Nel mese di ottobre, il metropolita Hilarion, in occasione dell’incontro «Fede e scienza: verso la Cop26» e della firma del documento Global Compact on Education, è stato ricevuto in udienza privata da Papa Francesco. Alla fine dell’incontro, il metropolita ha offerto in dono al Santo Padre la traduzione russa del libro del Santo Padre La preghiera, con la prefazione del Patriarca Kirill (Lev, 2019). Commentando il libro, nella sua intervista a Vatican News, il metropolita Hilarion ha affermato: «L’esperienza della preghiera è qualcosa che unisce tutti i cristiani. E le lezioni che Papa Francesco dà al suo gregge sono di valore per i lettori russi». Nel novembre 2021, il Santo Padre ha ricevuto in udienza privata Antonij (Mihalev), metropolita dell’Europa occidentale e centrale della Chiesa ortodossa bulgara, accompagnato dal reverendo Ivan Ivanov, parroco della Comunità ortodossa bulgara a Roma e a Milano. Essi hanno portato i saluti di sua santità Neofit, il patriarca di Bulgaria, insieme ai suoi ringraziamenti per le reliquie di san Clemente e san Potit, regalate dal Santo Padre, e per l’ultima visita effettuata da Papa Francesco in Bulgaria. In occasione dell’85° genetliaco di Papa Francesco, il metropolita Hilarion, durante un’udienza privata con il Santo Padre, ha espresso i suoi auguri e consegnato al Pontefice come regalo, a nome del Patriarca Kirill, un’icona della Vergine “del segno”. Il Papa ha offerto al Patriarca per il suo 75° onomastico un mosaico della Vergine “synkatabasis di Dio” insieme al Messaggio della pace per il 2022 e al Documento sulla fratellanza umana. Il Santo Padre ha sottolineato «lo spirito di fraternità» e il comune impegno a «cercare concrete risposte umane e spirituali».
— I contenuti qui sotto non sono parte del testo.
(* Let $n\ge 2$ and let $q=(q_1,\dots,q_n)\in\mathbb{R}^n$ with $\sum_{i=1}^n q_i=1$ and $q_n\neq 0$. Let $Q_1$ be the $(n-1)\times(n-1)$ matrix with entries $(Q_1)_{ij}=q_i-\delta_{ij}$, and $Q_2$ the $(n-1)\times(n-1)$ matrix with entries $(Q_2)_{ij}=\frac{1}{q_n}(q_n\delta_{ij}+q_i)$. Let $A_0=(a_{ij})_{1\le i,j\le n-1}$ be any real $(n-1)\times(n-1)$ matrix and let $A$ be the $n\times n$ matrix whose entries are $a_{ij}$ for $i,j\le n-1$, $a_{in}=-\sum_{j=1}^{n-1}\frac{q_j}{q_n}a_{ij}$ for $i\le n-1$, and whose last row is zero. Let $\bar Q_1=(\bar q_{ij})$ be an $(n-1)\times(n-1)$ matrix such that $(\bar Q_1)^tQ_1$ is diagonal. If there exists $d=(d_1,\dots,d_{n-1})\in\mathbb{R}^{n-1}$ such that the matrix $\bar Q_1\,\mathrm{diag}(d_i)_i\,A_0\,Q_2$ is skew-symmetric, then the function $$H_D(u)=\sum_{i=1}^{n-1}d_i\Big(\sum_{k=1}^{n-1}\bar q_{ki}q_k\Big)u_i+\sum_{i=1}^{n-1}d_i\Big(\Big(\sum_{k=1}^{n-1}\bar q_{ki}q_k\Big)-\bar q_{ii}\Big)e^{u_i}$$ is a constant of motion of the vector field $\tilde X_B(u)=B\eta_q(u)$ on $\mathbb{R}^{n-1}$, where $B=-EAE^t$, and consequently $$H_D\circ\phi^{-1}(x)=\sum_{i=1}^{n-1}d_i\Big(\sum_{k=1}^{n-1}\bar q_{ki}q_k\Big)\log\Big(\frac{x_i}{x_n}\Big)+\sum_{i=1}^{n-1}d_i\Big(\Big(\sum_{k=1}^{n-1}\bar q_{ki}q_k\Big)-\bar q_{ii}\Big)\frac{x_i}{x_n}$$ is a constant of motion of the replicator vector field $X_A$ on the interior of $\Delta^{n-1}$.
   Context: $\Delta^{n-1}=\{x\in\mathbb{R}^n: x_i\ge 0,\ \sum_i x_i=1\}$. The replicator vector field with payoff matrix $A$ is $X_A(x)_i=x_i\big((Ax)_i-x^tAx\big)$ on $\Delta^{n-1}$. $E=[-I_{n-1}\mid\mathbb{1}]$ is the $(n-1)\times n$ matrix whose row $i$ has $-1$ in column $i$, $1$ in column $n$ and zeros elsewhere. $\eta_q(u)_i=q_i-\frac{e^{u_i}}{1+\sum_{j=1}^{n-1}e^{u_j}}$ for $u\in\mathbb{R}^{n-1}$, $1\le i\le n-1$. $\phi:\mathbb{R}^{n-1}\to(\Delta^{n-1})^\circ$ is the diffeomorphism $\phi(u)=\big(\frac{e^{u_1}}{1+\sum_j e^{u_j}},\dots,\frac{e^{u_{n-1}}}{1+\sum_j e^{u_j}},\frac{1}{1+\sum_j e^{u_j}}\big)$, so $\phi^{-1}(x)=(\log(x_i/x_n))_{i\le n-1}$; $\tilde X_B$ is the pullback of $X_A$ by $\phi$. A constant of motion is a function constant along integral curves. *)

theory Defs
  imports "HOL-Analysis.Analysis"
begin

(* Conventions: vectors in R^m are functions nat => real, with coordinates 1..m used;
   matrices are functions nat => nat => real with indices 1-based. *)

definition kdelta :: "nat \<Rightarrow> nat \<Rightarrow> real" where
  "kdelta i j = (if i = j then 1 else 0)"

definition matQ1 :: "(nat \<Rightarrow> real) \<Rightarrow> nat \<Rightarrow> nat \<Rightarrow> real" where
  "matQ1 q i j = q i - kdelta i j"

definition matQ2 :: "nat \<Rightarrow> (nat \<Rightarrow> real) \<Rightarrow> nat \<Rightarrow> nat \<Rightarrow> real" where
  "matQ2 n q i j = (1 / q n) * (q n * kdelta i j + q i)"

definition matA :: "nat \<Rightarrow> (nat \<Rightarrow> real) \<Rightarrow> (nat \<Rightarrow> nat \<Rightarrow> real) \<Rightarrow> nat \<Rightarrow> nat \<Rightarrow> real" where
  "matA n q A0 i j =
     (if i = n then 0
      else if j = n then - (\<Sum>k=1..n-1. (q k / q n) * A0 i k)
      else A0 i j)"

definition matE :: "nat \<Rightarrow> nat \<Rightarrow> nat \<Rightarrow> real" where
  "matE n i j = (if j = i then -1 else 0) + (if j = n then 1 else 0)"

definition matB :: "nat \<Rightarrow> (nat \<Rightarrow> nat \<Rightarrow> real) \<Rightarrow> nat \<Rightarrow> nat \<Rightarrow> real" where
  "matB n A i j = - (\<Sum>k=1..n. \<Sum>l=1..n. matE n i k * A k l * matE n j l)"

definition eta :: "nat \<Rightarrow> (nat \<Rightarrow> real) \<Rightarrow> (nat \<Rightarrow> real) \<Rightarrow> nat \<Rightarrow> real" where
  "eta n q u i = q i - exp (u i) / (1 + (\<Sum>j=1..n-1. exp (u j)))"

definition XBtilde :: "nat \<Rightarrow> (nat \<Rightarrow> nat \<Rightarrow> real) \<Rightarrow> (nat \<Rightarrow> real) \<Rightarrow> (nat \<Rightarrow> real) \<Rightarrow> nat \<Rightarrow> real" where
  "XBtilde n B q u i = (\<Sum>j=1..n-1. B i j * eta n q u j)"

definition replicator :: "nat \<Rightarrow> (nat \<Rightarrow> nat \<Rightarrow> real) \<Rightarrow> (nat \<Rightarrow> real) \<Rightarrow> nat \<Rightarrow> real" where
  "replicator n A x i =
     x i * ((\<Sum>j=1..n. A i j * x j) - (\<Sum>k=1..n. \<Sum>j=1..n. x k * A k j * x j))"

definition simplex_interior :: "nat \<Rightarrow> (nat \<Rightarrow> real) set" where
  "simplex_interior n = {x. (\<forall>i\<in>{1..n}. 0 < x i) \<and> (\<Sum>i=1..n. x i) = 1}"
Ci piace pensare che proprio i doni che si sono scambiati il Patriarca Kirill e Papa Francesco suggeriscono quella parola che il Signore ha disseminato negli eventi. C’è un “segno” che il mondo attende da noi cristiani e che il Signore stesso vuole dare: l’Emmanuele, il Dio con noi, l’infinita misericordia di Dio che raggiunge ogni uomo. Questo “segno” è già “dato”, in Cristo l’unità divino-umana è compiuta. A noi il compito di manifestarla, rimanendo nell’unico Corpo di Cristo, verso cui i santi e i poveri ci aiutano a convergere. Il santo, infatti, esprime non se stesso, ma il Corpo di Cristo. Quando supplichiamo i santi, noi preghiamo Cristo presente in loro, e ci rivolgiamo a quella potenza di amore di Cristo che fa di tutti il suo Corpo. Su questa terra, possiamo ancora essere soggetti al peccato.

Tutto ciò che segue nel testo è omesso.